Phones had been ringing on and off. Now Kate heard her name called, and she automatically picked up the receiver.
“Martinelli. Oh, Al, thanks for calling. Sorry to wreck your weekend. Yeah, she disappeared, but I think I found her. The Santa Cruz morgue. Yeah, I know. I’m going down to see her. Want me to call you from there? You don’t have to come. You’re sure? You promise Jani won’t hate me? Well, leave her a note; maybe you’ll be back before she wakes up. I’ll leave now. Right. Bye.”
It was like old times, driving a sleeping Al through the rain into the Santa Cruz Mountains. This time, however, their goal was not the forest site of three murdered children, their first case together a year earlier, but the sterile, temporary repository of one elderly woman.
When Kate rolled to a stop and pulled on the parking brake, Al woke up, ran his hands over his face, and bent forward to look at the windshield. “It’s déjá vu all over again,” he commented.
“How about next year, come March, we arrange a case that takes us to Palm Springs or something?”
“I’ll put in a voucher for it tomorrow. Do you know where—”
“Through there.”
Into the cold, inhuman space that smelled of death, up to the body, leaning over the gray face: Yes. Oh yes: Beatrice Jan
kowski.
“I hadn’t realized how old she was,” Kate said bleakly.
“She had false teeth,” commented the morgue attendant. “Taking them out makes anyone look shriveled up. Is her family going to want her shipped, do you know?”
“I don’t know if she had a family.”
“We’ll hang on to her for a while, then.”
“Do you have a copy of the autopsy report?” Al asked.
“I don’t think so. You’d have to check with the investigating officer. I think that was Kent Makepeace. I can tell you it was homicide.” He reached down and turned Beatrice’s head to one side, revealing the damage beneath the clotted gray hair on the right side of her skull, between the ear and the spine. “Somebody hit her, hard.”
Twenty-Five
Many of his acts will seem grotesque and puzzling to a rationalistic taste.
The mere fact that an identity had been given to a body in the morgue hardly justified rousting the investigating detective out of his bed at four o’clock on a Saturday morning. Even Al Hawkin had to admit that. So he and Kate found an all-night restaurant and ate bacon and eggs in an attempt to fool their bodies into thinking it was a new morning rather than a too-long night, and at six they made their way to the county offices. At 6:30, Hawkin succeeded in bullying an underling into phoning Makepeace. At seven o’clock, they were in his office being shown the case file.

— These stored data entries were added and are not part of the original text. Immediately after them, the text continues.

lemma Inter_mem_if_wf_on_psubset:
  assumes wf: "wf_on \<C> {(X, Y). X \<subset> Y}"
    and Int: "\<And>X Y. X \<in> \<C> \<Longrightarrow> Y \<in> \<C> \<Longrightarrow> X \<inter> Y \<in> \<C>"
    and "\<A> \<subseteq> \<C>" "\<A> \<noteq> {}"
  shows "\<Inter>\<A> \<in> \<C>"
proof -
  have upper: "{Y \<in> \<C>. \<Inter>\<A> \<subseteq> Y} \<subseteq> \<C>" "{Y \<in> \<C>. \<Inter>\<A> \<subseteq> Y} \<noteq> {}"
    using assms(3,4) by auto
  have "\<exists>Z. (Z \<in> \<C> \<and> \<Inter>\<A> \<subseteq> Z) \<and> (\<forall>Y\<subset>Z. \<not> (Y \<in> \<C> \<and> \<Inter>\<A> \<subseteq> Y))"
    using wf_on_iff_ex_minimal[THEN iffD1, OF wf, rule_format, OF upper] by simp
  then obtain Z where Z: "Z \<in> \<C>" "\<Inter>\<A> \<subseteq> Z" and min: "\<forall>Y\<subset>Z. \<not> (Y \<in> \<C> \<and> \<Inter>\<A> \<subseteq> Y)"
    by blast
  have "Z \<subseteq> A" if "A \<in> \<A>" for A
  proof -
    have "Z \<inter> A \<in> \<C>" using Int[OF Z(1)] that assms(3) by blast
    moreover have "\<Inter>\<A> \<subseteq> Z \<inter> A" using Z(2) that by blast
    ultimately have "\<not> Z \<inter> A \<subset> Z" using min by blast
    then show ?thesis by blast
  qed
  then have "Z = \<Inter>\<A>" using Z(2) by blast
  then show ?thesis using Z(1) by simp
qed

lemma closedin_topology_generated_by_mem:
  assumes "X \<in> \<S>" "\<And>S. S \<in> \<S> \<Longrightarrow> S \<subseteq> X"
    and basis: "\<And>S. S \<in> \<S> \<Longrightarrow> X - S \<in> \<C>"
    and top: "X \<in> \<C>"
    and Un: "\<And>A B. A \<in> \<C> \<Longrightarrow> B \<in> \<C> \<Longrightarrow> A \<union> B \<in> \<C>"
    and Inter: "\<And>\<A>. \<A> \<subseteq> \<C> \<Longrightarrow> \<A> \<noteq> {} \<Longrightarrow> \<Inter>\<A> \<in> \<C>"
    and closed: "closedin (topology_generated_by \<S>) C"
  shows "C \<in> \<C>"
proof -
  have "X - U \<in> \<C>" if "generate_topology_on \<S> U" for U
    using that
  proof (induction rule: generate_topology_on.induct)
    case Empty
    show ?case using top by simp
  next
    case (Int A B)
    then show ?case using Un[of "X - A" "X - B"] by (simp add: Diff_Int)
  next
    case (UN K)
    show ?case
    proof (cases "K = {}")
      case True
      then show ?thesis using top by simp
    next
      case False
      then have "X - \<Union>K = \<Inter>((\<lambda>k. X - k) ` K)" by blast
      then show ?thesis using Inter[of "(\<lambda>k. X - k) ` K"] UN.IH False by auto
    qed
  qed (rule basis)
  moreover have "topspace (topology_generated_by \<S>) = X" using assms(1,2) by auto
  ultimately show ?thesis
    using closed unfolding closedin_def openin_topology_generated_by_iff by (metis double_diff order_refl)
qed

lemma semiring_ideal_zero: "semiring_ideal I \<Longrightarrow> 0 \<in> I"
  unfolding semiring_ideal_def by (metis all_not_in_conv mult_zero_left)

lemma one_notin_semiring_ideal: "semiring_ideal I \<Longrightarrow> 1 \<notin> I"
  unfolding semiring_ideal_def by (metis UNIV_eq_I mult.right_neutral)

lemma semiring_ideal_sum:
  assumes "semiring_ideal I" "\<And>x. x \<in> A \<Longrightarrow> g x \<in> I"
  shows "(\<Sum>x\<in>A. g x) \<in> I"
  using assms(2)
proof (induction A rule: infinite_finite_induct)
  case (insert x A)
  then show ?case using assms(1) unfolding semiring_ideal_def by simp
qed (use assms(1) semiring_ideal_zero in auto)

lemma gen_ideal_subset:
  assumes "semiring_ideal I" "F \<subseteq> I"
  shows "gen_ideal F \<subseteq> I"
proof
  fix y assume "y \<in> gen_ideal F"
  then obtain r where "y = (\<Sum>f\<in>F. r f * f)" unfolding gen_ideal_def by blast
  moreover have "r f * f \<in> I" if "f \<in> F" for f
    using assms that unfolding semiring_ideal_def by blast
  ultimately show "y \<in> I" using semiring_ideal_sum[OF assms(1), of F "\<lambda>f. r f * f"] by simp
qed

lemma semiring_ideal_Inter:
  assumes "\<A> \<noteq> {}" "\<And>I. I \<in> \<A> \<Longrightarrow> semiring_ideal I"
  shows "semiring_ideal (\<Inter>\<A>)"
  unfolding semiring_ideal_def
proof (intro conjI ballI allI impI)
  show "\<Inter>\<A> \<noteq> {}" using assms semiring_ideal_zero by blast
  show "\<Inter>\<A> \<noteq> UNIV" using assms one_notin_semiring_ideal by blast
qed (use assms(2) in \<open>auto simp: semiring_ideal_def\<close>)

lemma semiring_ideal_UN_incseq:
  assumes "incseq I" "\<And>n. semiring_ideal (I n)"
  shows "semiring_ideal (\<Union>n. I n)"
  unfolding semiring_ideal_def
proof (intro conjI ballI allI impI)
  show "(\<Union>n. I n) \<noteq> {}" using semiring_ideal_zero[OF assms(2)] by blast
  show "(\<Union>n. I n) \<noteq> UNIV" using one_notin_semiring_ideal[OF assms(2)] by blast
next
  fix x y assume "x \<in> (\<Union>n. I n)" "y \<in> (\<Union>n. I n)"
  then obtain i j where "x \<in> I i" "y \<in> I j" by blast
  then have "x \<in> I (max i j)" "y \<in> I (max i j)"
    using incseqD[OF assms(1), of i "max i j"] incseqD[OF assms(1), of j "max i j"] by auto
  then have "x + y \<in> I (max i j)" using assms(2) unfolding semiring_ideal_def by blast
  then show "x + y \<in> (\<Union>n. I n)" by blast
next
  fix r x assume "x \<in> (\<Union>n. I n)"
  then obtain i where "x \<in> I i" by blast
  then have "r * x \<in> I i" using assms(2) unfolding semiring_ideal_def by blast
  then show "r * x \<in> (\<Union>n. I n)" by blast
qed

lemma noetherian_semiring_incseq_stable:
  assumes "noetherian_semiring TYPE('a::comm_semiring_1)"
    and "incseq I" and "\<And>n. semiring_ideal (I n :: 'a set)"
  shows "\<exists>N. \<forall>n\<ge>N. I n = I N"
proof -
  have "finitely_generated_ideal (\<Union>n. I n)"
    using assms(1) semiring_ideal_UN_incseq[OF assms(2,3)] unfolding noetherian_semiring_def by simp
  then obtain F where F: "finite F" "F \<subseteq> (\<Union>n. I n)" "(\<Union>n. I n) = gen_ideal F"
    unfolding finitely_generated_ideal_def by metis
  then have "\<forall>f\<in>F. \<exists>n. f \<in> I n" by blast
  then obtain m where m: "\<And>f. f \<in> F \<Longrightarrow> f \<in> I (m f)" by metis
  define N where "N = Max (m ` F)"
  have "F \<subseteq> I N"
  proof
    fix f assume "f \<in> F"
    then have "m f \<le> N" unfolding N_def using F(1) by (simp add: Max_ge)
    then show "f \<in> I N" using m[OF \<open>f \<in> F\<close>] incseqD[OF assms(2)] by blast
  qed
  then have "(\<Union>n. I n) \<subseteq> I N" unfolding F(3) by (rule gen_ideal_subset[OF assms(3)])
  then have "I n = I N" if "n \<ge> N" for n using incseqD[OF assms(2) that] by auto
  then show ?thesis by blast
qed

lemma up_set_Int: "up_set \<sigma> a \<inter> up_set \<sigma> b = up_set \<sigma> (a \<union> b)"
  unfolding up_set_def by blast

lemma up_set_Inter_up_set: "up_set \<sigma> (\<Inter>(up_set \<sigma> a)) = up_set \<sigma> a"
  unfolding up_set_def by blast

lemma up_set_decseq_stable:
  fixes \<sigma> :: "'a::comm_semiring_1 set set"
  assumes "noetherian_semiring TYPE('a)" and "\<forall>I\<in>\<sigma>. semiring_ideal I"
    and "range X \<subseteq> range (up_set \<sigma>)" and "decseq X"
  shows "\<exists>N. \<forall>n\<ge>N. X n = X N"
proof (cases "\<exists>N. X N = {}")
  case True
  then show ?thesis using decseqD[OF assms(4)] by blast
next
  case False
  have "X n \<subseteq> \<sigma>" for n
    using assms(3) unfolding up_set_def by blast
  then have "semiring_ideal (\<Inter>(X n))" for n
    using False assms(2) by (intro semiring_ideal_Inter) auto
  moreover have "incseq (\<lambda>n. \<Inter>(X n))"
    by (intro incseq_SucI Inter_anti_mono decseqD[OF assms(4)]) simp
  ultimately obtain N where "\<forall>n\<ge>N. \<Inter>(X n) = \<Inter>(X N)"
    using noetherian_semiring_incseq_stable[OF assms(1)] by blast
  moreover have "X n = up_set \<sigma> (\<Inter>(X n))" for n
  proof -
    obtain a where "X n = up_set \<sigma> a" using assms(3) by blast
    then show ?thesis using up_set_Inter_up_set by metis
  qed
  ultimately show ?thesis by metis
qed

lemma closedin_ideal_topology_finite_unions:
  fixes \<sigma> :: "'a::comm_semiring_1 set set"
  assumes wf: "wf_on (finite_unions (range (up_set \<sigma>))) {(X, Y). X \<subset> Y}"
    and closed: "closedin (ideal_topology \<sigma>) C"
  shows "C \<in> finite_unions (range (up_set \<sigma>))"
proof -
  let ?\<C> = "finite_unions (range (up_set \<sigma>))"
  have up_set: "up_set \<sigma> a \<in> ?\<C>" for a
    unfolding finite_unions_def by (rule CollectI, rule exI[of _ "{up_set \<sigma> a}"]) simp
  have "A \<inter> B \<in> range (up_set \<sigma>)" if "A \<in> range (up_set \<sigma>)" "B \<in> range (up_set \<sigma>)" for A B
    using that by (auto simp: up_set_Int)
  then have Int: "A \<inter> B \<in> ?\<C>" if "A \<in> ?\<C>" "B \<in> ?\<C>" for A B
    using finite_unions_Int that by blast
  show ?thesis
  proof (rule closedin_topology_generated_by_mem[where X = \<sigma> and \<C> = ?\<C>])
    show "closedin (topology_generated_by (insert \<sigma> {\<sigma> - up_set \<sigma> a | a. semiring_ideal a})) C"
      using closed unfolding ideal_topology_def .
    show "S \<subseteq> \<sigma>" if "S \<in> insert \<sigma> {\<sigma> - up_set \<sigma> a | a. semiring_ideal a}" for S
      using that by blast
    have "\<sigma> = up_set \<sigma> {}" unfolding up_set_def by simp
    then show "\<sigma> \<in> ?\<C>" using up_set by metis
    moreover have "\<sigma> - (\<sigma> - up_set \<sigma> a) = up_set \<sigma> a" for a unfolding up_set_def by blast
    moreover have "{} \<in> ?\<C>"
      unfolding finite_unions_def by (rule CollectI, rule exI[of _ "{}"]) simp
    ultimately show "\<sigma> - S \<in> ?\<C>" if "S \<in> insert \<sigma> {\<sigma> - up_set \<sigma> a | a. semiring_ideal a}" for S
      using that up_set by auto
    show "\<Inter>\<A> \<in> ?\<C>" if "\<A> \<subseteq> ?\<C>" "\<A> \<noteq> {}" for \<A>
      using Inter_mem_if_wf_on_psubset[OF wf Int that] .
  qed (auto intro: finite_unions_Un)
qed

theorem corollary3p8:
  fixes \<sigma> :: "'a::comm_semiring_1 set set"
  assumes "noetherian_semiring TYPE('a)"
    and "\<forall>I\<in>\<sigma>. semiring_ideal I"
  shows "noetherian_space (ideal_topology \<sigma>)"
proof -
  let ?\<C> = "finite_unions (range (up_set \<sigma>))"
  have "wf_on (range (up_set \<sigma>)) {(X, Y). X \<subset> Y}"
    unfolding wf_on_psubset_iff_decseq_stable by (intro allI impI up_set_decseq_stable[OF assms])
  then have wf: "wf_on ?\<C> {(X, Y). X \<subset> Y}"
    by (rule wf_on_finite_unions[rotated]) (auto simp: up_set_Int)
  show ?thesis
    unfolding noetherian_space_def
  proof (intro allI impI)
    fix C :: "nat \<Rightarrow> 'a set set"
    assume C: "(\<forall>n. closedin (ideal_topology \<sigma>) (C n)) \<and> (\<forall>n. C (Suc n) \<subseteq> C n)"
    then have "range C \<subseteq> ?\<C>" using closedin_ideal_topology_finite_unions[OF wf] by blast
    moreover have "decseq C" using C by (intro decseq_SucI) blast
    ultimately show "\<exists>N. \<forall>n\<ge>N. C n = C N"
      by (rule wf[unfolded wf_on_psubset_iff_decseq_stable, rule_format])
  qed
qed

end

“That’s right,” he was saying, fighting yawns. “Completely nude, no false teeth, not even a hairpin.”
“She wore several rings,” Kate commented.
“That’s in the path report. Couple of nicks on her fingers, scratches that showed where the rings’d been cut off her postmortem. Her hands were so arthritic, I’d guess he tried to pull them off and couldn’t get them over her knuckles, so he had to cut them. She was also moved around after death, a couple of rug fibers and marks on her legs, probably transported in a car’s trunk. Nothing under her fingernails but normal dirt—she didn’t scratch her attacker, no defense marks on her hands, nothing. About the rings, though.” He sounded as if he was beginning to wake up, and he took a large swallow of coffee from his paper cup to increase the rate of coherency. “We did a ground search, especially up and down the road. Among the crap they picked up was a ring. There should be a photograph here somewhere.” He dug back into the file, flipped through the glossy photographs of the nude woman sprawled in the leaves, gray hair snarled across her face, and pulled out the picture of a large fancy ring with a cracked stone. He laid it on the desk between them.